Sprod is published in Nature Methods: https://www.nature.com/articles/s41592-022-01560-w.

Graphical abstract

Installation

We strongly recommend using conda to manage the installation of all dependencies. To do this, simply run:

conda create --name sprod
conda activate sprod
# conda config --add channels conda-forge ##If you do not have this channel added before#
conda install r-base=4.0 r-optparse r-distances r-dplyr r-gtools r-mvtnorm r-ggplot2 r-umap
conda install python=3.7 pandas scikit-image=0.17 numpy scipy scikit-learn umap-learn

Then, download this repo and install it.

git clone [repo_path]
cd [path/to/sprod]
pip install .

The total installation time is around 10 mintunes. If error occuors, please upgrade pip and try again.

Note:

In a rare scenario where: 1) Sprod is executed under a HPC or cloud environment; and 2) you are using a shared R installation; and 3) you do not have write access to the shared R path; and 4) you have never installed any packages using the shared 'R', you will need to run R in interactive mode and install the R package 'dirichletprocess' manually.

Test installation

We have included a simple testing script test_examples.py to test the environment and installation.
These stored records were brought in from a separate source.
lemma word_eval_snoc: "word_eval mul one \<phi> (u @ [x]) = mul (word_eval mul one \<phi> u) (\<phi> x)"
  by (simp add: word_eval_def)

lemma word_eval_append:
  assumes assoc: "\<And>a b c. mul (mul a b) c = mul a (mul b c)"
    and one_one: "mul one one = one"
    and gen_one: "\<And>x. mul (\<phi> x) one = \<phi> x"
  shows "word_eval mul one \<phi> (u @ v) = mul (word_eval mul one \<phi> u) (word_eval mul one \<phi> v)"
proof -
  let ?ev = "word_eval mul one \<phi>"
  have word_one: "mul (?ev w) one = ?ev w" for w
    by (induction w rule: rev_induct) (simp_all add: word_eval_def one_one assoc gen_one)
  show ?thesis
  proof (induction v rule: rev_induct)
    case Nil
    then show ?case by (simp add: word_eval_def word_one[unfolded word_eval_def])
  next
    case (snoc x v)
    then show ?case by (simp flip: append_assoc add: word_eval_snoc assoc)
  qed
qed

lemma rel_cong_append:
  "rel_cong Q u v \<Longrightarrow> rel_cong Q u' v' \<Longrightarrow> rel_cong Q (u @ u') (v @ v')"
  using rel_cong.ctxt[of Q u v "[]" u'] rel_cong.ctxt[of Q u' v' v "[]"]
  by (auto intro: rel_cong.trans)

lemma rel_cong_imp_hom_eq:
  assumes hom: "\<And>u v. h (u @ v) = mul (h u) (h v)"
    and rels: "\<And>u v. (u, v) \<in> Q \<Longrightarrow> h u = h v"
  shows "rel_cong Q u v \<Longrightarrow> h u = h v"
  by (induction rule: rel_cong.induct) (simp_all add: rels hom)

lemma hom_eq_iff_rel_cong_if_normal_forms:
  assumes sound: "\<And>u v. rel_cong Q u v \<Longrightarrow> h u = h v"
    and normalize: "\<And>w. \<exists>w' \<in> N. rel_cong Q w w'"
    and unique: "\<And>u v. u \<in> N \<Longrightarrow> v \<in> N \<Longrightarrow> h u = h v \<Longrightarrow> rel_cong Q u v"
  shows "h u = h v \<longleftrightarrow> rel_cong Q u v"
proof
  assume "h u = h v"
  obtain u' v' where "u' \<in> N" "v' \<in> N" "rel_cong Q u u'" "rel_cong Q v v'"
    using normalize by blast
  then show "rel_cong Q u v"
    using \<open>h u = h v\<close> sound unique by (metis rel_cong.sym rel_cong.trans)
qed (rule sound)

declare rel_cong.trans [trans]

lemma gp_append_gp: "gp a @ gp b @ xs = gp (a + b) @ xs"
  by (simp add: replicate_add)

text \<open>rot n k x = x g^k, and rot_on n k D is g^k restricted to D.\<close>

definition rot :: "nat \<Rightarrow> nat \<Rightarrow> nat \<Rightarrow> nat" where
  "rot n k x = (x - 1 + k) mod n + 1"

definition rot_on :: "nat \<Rightarrow> nat \<Rightarrow> nat set \<Rightarrow> pmap" where
  "rot_on n k D = (\<lambda>x. if x \<in> D \<and> 1 \<le> x \<and> x \<le> n then Some (rot n k x) else None)"

lemma rot_rot: "rot n k' (rot n k x) = rot n (k + k') x"
  unfolding rot_def by (simp add: mod_add_left_eq add.assoc)

lemma rot_mod: "rot n (k mod n) x = rot n k x"
  unfolding rot_def by (simp add: mod_add_right_eq)

lemma rot_0: "1 \<le> x \<Longrightarrow> x \<le> n \<Longrightarrow> rot n 0 x = x"
  unfolding rot_def by simp

lemma rot_mult_self: "1 \<le> x \<Longrightarrow> x \<le> n \<Longrightarrow> rot n (m * n) x = x"
  using rot_mod[of n "m * n" x] rot_0 by simp

lemma rot_inj_on: "inj_on (rot n k) {1..n}"
proof
  fix x y assume xy: "x \<in> {1..n}" "y \<in> {1..n}" "rot n k x = rot n k y"
  then have "[x - 1 + k = y - 1 + k] (mod n)" unfolding rot_def cong_def by simp
  then have "[x - 1 = y - 1] (mod n)" by (simp add: cong_add_rcancel_nat)
  moreover have "x - 1 < n" "y - 1 < n" using xy by auto
  ultimately show "x = y" using xy by (auto simp: cong_def)
qed

lemma rot_cancel: "k < n \<Longrightarrow> k' < n \<Longrightarrow> rot n k x = rot n k' x \<Longrightarrow> k = k'"
proof -
  assume k: "k < n" "k' < n" and "rot n k x = rot n k' x"
  then have "[x - 1 + k = x - 1 + k'] (mod n)" unfolding rot_def cong_def by simp
  then have "[k = k'] (mod n)" by (simp add: cong_add_lcancel_nat)
  then show ?thesis using k unfolding cong_def by simp
qed

lemma rot_eq_1_iff:
  assumes x: "1 \<le> x" "x \<le> n" and i: "1 \<le> i" "i \<le> n"
  shows "rot n (n - i + 1) x = 1 \<longleftrightarrow> x = i"
  unfolding rot_def
proof (cases "i \<le> x")
  case True
  then have "x - 1 + (n - i + 1) = (x - i) + n" "x - i < n" using x i by auto
  then have "(x - 1 + (n - i + 1)) mod n = x - i" by simp
  then show "(x - 1 + (n - i + 1)) mod n + 1 = 1 \<longleftrightarrow> x = i" using x True by simp
next
  case False
  then have "0 < x - 1 + (n - i + 1)" "x - 1 + (n - i + 1) < n" using x i by auto
  then show "(x - 1 + (n - i + 1)) mod n + 1 = 1 \<longleftrightarrow> x = i" using False by simp
qed

lemma rot_mult_pred:
  assumes "1 \<le> x" "x \<le> n" "m < x"
  shows "rot n (m * (n - 1)) x = x - m"
proof -
  have "m * (n - 1) = m * n - m" by (simp add: diff_mult_distrib2)
  moreover have "m \<le> m * n" using assms by simp
  ultimately have "x - 1 + m * (n - 1) = (x - 1 - m) + m * n" using assms by simp
  moreover have "x - 1 - m < n" using assms by simp
  ultimately have "(x - 1 + m * (n - 1)) mod n = x - 1 - m" by simp
  then show ?thesis unfolding rot_def using assms by simp
qed

lemma rot_rot_diff: "k \<le> n \<Longrightarrow> 1 \<le> y \<Longrightarrow> y \<le> n \<Longrightarrow> rot n k (rot n (n - k) y) = y"
  using rot_rot[of n k "n - k" y] rot_mult_self[of y n 1] by simp

lemma rot_diff_rot: "k \<le> n \<Longrightarrow> 1 \<le> y \<Longrightarrow> y \<le> n \<Longrightarrow> rot n (n - k) (rot n k y) = y"
  using rot_rot[of n "n - k" k y] rot_mult_self[of y n 1] by simp

locale cyclic_inverse_monoid =
  fixes n :: nat
  assumes n_pos: "1 \<le> n"
begin

lemma rot_range: "rot n k x \<in> {1..n}"
  using n_pos unfolding rot_def by (simp add: Suc_leI)

lemma pcomp_rot_on:
  "pcomp (rot_on n k D) (rot_on n k' D') = rot_on n (k + k') {x \<in> D. rot n k x \<in> D'}"
  using rot_range unfolding pcomp_def rot_on_def by (auto simp: map_comp_def fun_eq_iff rot_rot)

lemma rot_on_eqI:
  "D \<inter> {1..n} = D' \<inter> {1..n} \<Longrightarrow> k mod n = k' mod n \<Longrightarrow> rot_on n k D = rot_on n k' D'"
  unfolding rot_on_def fun_eq_iff by (metis (no_types, lifting) Int_iff atLeastAtMost_iff rot_mod)

lemma rot_on_eq_empty: "D \<inter> {1..n} = {} \<Longrightarrow> rot_on n k D = Map.empty"
  unfolding rot_on_def by (auto simp: fun_eq_iff)

lemma dom_rot_on: "dom (rot_on n k D) = D \<inter> {1..n}"
  unfolding rot_on_def dom_def by auto

lemma pid_eq_rot_on: "pid n = rot_on n 0 UNIV"
  unfolding pid_def rot_on_def fun_eq_iff by (auto simp: rot_0)

lemma gperm_eq_rot_on: "gperm n = rot_on n 1 UNIV"
  unfolding gperm_def rot_on_def fun_eq_iff rot_def using n_pos by auto

lemma e1_eq_rot_on: "e1 n = rot_on n 0 (- {1})"
  unfolding e1_def pid_def rot_on_def fun_eq_iff by (auto simp: rot_0 restrict_map_def)

lemma ppow_gperm: "ppow n (gperm n) k = rot_on n k UNIV"
  by (induction k) (simp_all add: pid_eq_rot_on gperm_eq_rot_on pcomp_rot_on)

lemma pcomp_rot_on_pid: "pcomp (rot_on n k D) (pid n) = rot_on n k D"
  unfolding pid_eq_rot_on pcomp_rot_on using rot_range by (intro rot_on_eqI) auto

abbreviation ev :: "gen list \<Rightarrow> pmap" where
  "ev \<equiv> word_eval pcomp (pid n) (phiCI n)"

lemma ev_append: "ev (u @ v) = pcomp (ev u) (ev v)"
proof (rule word_eval_append)
  show "pcomp (pid n) (pid n) = pid n"
    using pcomp_rot_on_pid[of 0 UNIV] by (simp add: pid_eq_rot_on)
  show "pcomp (phiCI n x) (pid n) = phiCI n x" for x
    by (cases x) (simp_all add: phiCI_def gperm_eq_rot_on e1_eq_rot_on pcomp_rot_on_pid)
qed (rule pcomp_assoc)

lemma ev_Nil: "ev [] = rot_on n 0 UNIV"
  by (simp add: word_eval_def pid_eq_rot_on)

lemma ev_G: "ev [G] = rot_on n 1 UNIV"
  by (simp add: word_eval_def pid_eq_rot_on phiCI_def gperm_eq_rot_on pcomp_rot_on)

lemma ev_E: "ev [E] = rot_on n 0 (- {1})"
  by (simp add: word_eval_def pid_eq_rot_on phiCI_def e1_eq_rot_on pcomp_rot_on)
    (rule rot_on_eqI; auto simp: rot_0)

lemma ev_gp: "ev (gp k) = rot_on n k UNIV"
proof (induction k)
  case (Suc k)
  have "gp (Suc k) = gp k @ [G]" by (simp add: replicate_append_same)
  then show ?case using Suc by (simp add: ev_append ev_G pcomp_rot_on)
qed (simp add: ev_Nil)

lemma ev_eq_rot_on: "\<exists>k D. ev w = rot_on n k D"
proof (induction w rule: rev_induct)
  case (snoc x w)
  then obtain k D where "ev w = rot_on n k D" by blast
  then show ?case by (cases x) (auto simp: ev_append ev_G ev_E pcomp_rot_on)
qed (auto simp: ev_Nil)

abbreviation eg_pow :: "nat \<Rightarrow> gen list" where
  "eg_pow m \<equiv> concat (replicate m ([E] @ gp (n - 1)))"

lemma ev_eg_pow: "m \<le> n \<Longrightarrow> ev (eg_pow m) = rot_on n (m * (n - 1)) {x. m < x}"
proof (induction m)
  case (Suc m)
  have "eg_pow (Suc m) = eg_pow m @ [E] @ gp (n - 1)"
    by (simp only: replicate_Suc replicate_append_same[symmetric] concat_append) simp
  moreover have "Suc m * (n - 1) = m * (n - 1) + (0 + (n - 1))" by simp
  ultimately show ?case using Suc n_pos
    by (simp only: ev_append ev_E ev_gp pcomp_rot_on)
      (rule rot_on_eqI; auto simp: rot_mult_pred[simplified])
qed (simp add: ev_Nil, rule rot_on_eqI, auto)

lemma ev_eg_pow_n: "ev (eg_pow n) = Map.empty"
  using ev_eg_pow[of n] by (auto intro!: rot_on_eq_empty)

lemma ev_Qlist: "(u, v) \<in> set (Qlist n) \<Longrightarrow> ev u = ev v"
proof -
  assume "(u, v) \<in> set (Qlist n)"
  then consider "u = gp n" "v = []" | "u = [E, E]" "v = [E]"
    | i j where "1 \<le> i" "i < j" "j \<le> n" "(u, v) = Q3rel n i j"
    | "u = [G] @ eg_pow n" "v = eg_pow n"
    unfolding Qlist_def by (auto simp: less_Suc_eq_le Suc_le_eq)
  then show ?thesis
  proof cases
    case 1
    then show ?thesis by (simp add: ev_gp ev_Nil) (rule rot_on_eqI; auto)
  next
    case 2
    then show ?thesis
      using ev_append[of "[E]" "[E]"] by (simp add: ev_E pcomp_rot_on) (rule rot_on_eqI; auto simp: rot_0)
  next
    case (3 i j)
    have "n - j + i + (n - i + j) = 2 * n" using 3 by simp
    then have "rot n (n - j + i + (n - i + j)) x = x" if "1 \<le> x" "x \<le> n" for x
      using rot_mult_self[OF that, of 2] by (simp add: mult_2)
    then show ?thesis using 3(4) unfolding Q3rel_def
      by (simp only: ev_append ev_E ev_gp pcomp_rot_on rot_rot prod.inject)
        (rule rot_on_eqI; auto simp: rot_0 rot_rot)
  next
    case 4
    then show ?thesis
      using ev_append[of "[G]" "eg_pow n"] ev_eg_pow_n by (simp add: pcomp_def)
  qed
qed

lemma ev_eq_if_rel_cong: "rel_cong (set (Qlist n)) u v \<Longrightarrow> ev u = ev v"
  by (rule rel_cong_imp_hom_eq[where h = ev and mul = pcomp]) (simp_all add: ev_append ev_Qlist)

abbreviation cong_Q :: "gen list \<Rightarrow> gen list \<Rightarrow> bool" (infix "\<approx>" 50) where
  "u \<approx> v \<equiv> rel_cong (set (Qlist n)) u v"

lemma rel_Q1: "gp n \<approx> []"
  by (rule rel_cong.base) (simp add: Qlist_def)

lemma rel_Q2: "[E, E] \<approx> [E]"
  by (rule rel_cong.base) (simp add: Qlist_def)

lemma rel_Q3:
  "1 \<le> i \<Longrightarrow> i < j \<Longrightarrow> j \<le> n \<Longrightarrow>
     [E] @ gp (n - j + i) @ [E] @ gp (n - i + j) \<approx> gp (n - j + i) @ [E] @ gp (n - i + j) @ [E]"
  by (rule rel_cong.base) (force simp: Qlist_def Q3rel_def)

lemma rel_Q4: "[G] @ eg_pow n \<approx> eg_pow n"
  by (rule rel_cong.base) (simp add: Qlist_def)

lemma gp_mult_add_cong: "gp (m * n + r) \<approx> gp r"
proof (induction m)
  case (Suc m)
  have "gp (Suc m * n + r) = gp n @ gp (m * n + r)"
    by (simp add: replicate_add[symmetric] add.assoc)
  also have "\<dots> \<approx> [] @ gp r"
    by (rule rel_cong_append[OF rel_Q1 Suc])
  finally show ?case by simp
qed (simp add: rel_cong.refl)

lemma gp_cong_mod: "a mod n = b mod n \<Longrightarrow> x @ gp a @ y \<approx> x @ gp b @ y"
  using gp_mult_add_cong[of "a div n" "a mod n"] gp_mult_add_cong[of "b div n" "b mod n"]
  by (intro rel_cong.ctxt) (metis div_mult_mod_eq rel_cong.sym rel_cong.trans)

definition e_word :: "nat \<Rightarrow> gen list" where
  "e_word i = gp (n - i + 1) @ [E] @ gp (i - 1)"

lemma ev_e_word: "1 \<le> i \<Longrightarrow> i \<le> n \<Longrightarrow> ev (e_word i) = rot_on n 0 (- {i})"
  unfolding e_word_def
  by (simp only: ev_append ev_gp ev_E pcomp_rot_on)
    (rule rot_on_eqI; auto simp: rot_eq_1_iff[simplified] rot_mult_self[of _ 1, simplified])

lemma e_word_idem:
  assumes "1 \<le> i" "i \<le> n"
  shows "e_word i @ e_word i \<approx> e_word i"
proof -
  have "e_word i @ e_word i = (gp (n - i + 1) @ [E]) @ gp n @ [E] @ gp (i - 1)"
    using assms by (simp add: e_word_def gp_append_gp flip: replicate_add del: replicate.simps)
  also have "\<dots> \<approx> (gp (n - i + 1) @ [E]) @ [] @ [E] @ gp (i - 1)"
    by (rule rel_cong.ctxt[OF rel_Q1])
  also have "\<dots> = gp (n - i + 1) @ [E, E] @ gp (i - 1)"
    by simp
  also have "\<dots> \<approx> gp (n - i + 1) @ [E] @ gp (i - 1)"
    by (rule rel_cong.ctxt[OF rel_Q2])
  finally show ?thesis unfolding e_word_def .
qed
It is based on the toy example dataset included in this repo. Please note that the example data in this repo is only for the purpose of testing installation.

Three tests were included in this testing script covering different use cases.

single_with_img is for use cases where a small dataset with matching tif image is present. The data is processed in one run.

batch_with_img is for use cases where a big dataset with matching tif image is present. The data is processed in small subsampled runs.

single_pseudoimage is for use cases where matching image is not avalable. The pseudoimage approach is taken,

After installation, run the following code and the processing should conclude in a few minutes.

python [path/to/sprod/]test_examples.py

If everything goes well, you should see outputs similar to the following:

Removing previous testing results...Done!
Testing Sprod in single mode
Sprod test single mode succeeded!
...
Testing Sprod in batch mode
Sprod test batch mode succeeded!
...
Testing Sprod in single, pseudoimage mode
Sprod test single pseudoimage mode succeeded!

Usage

Quick start

Once the input data have been processed into the supported format, the full sprod workflow can be run by calling the sprod.py script. Sprod will first try to locate a single .tif image file in the input path. If one is found, sprod will assume it is the matching image and extract features from the image. If sprod cannot find an image, it will perform soft clustering on the spots and use the clustering probabilities as the input features for the denoising model.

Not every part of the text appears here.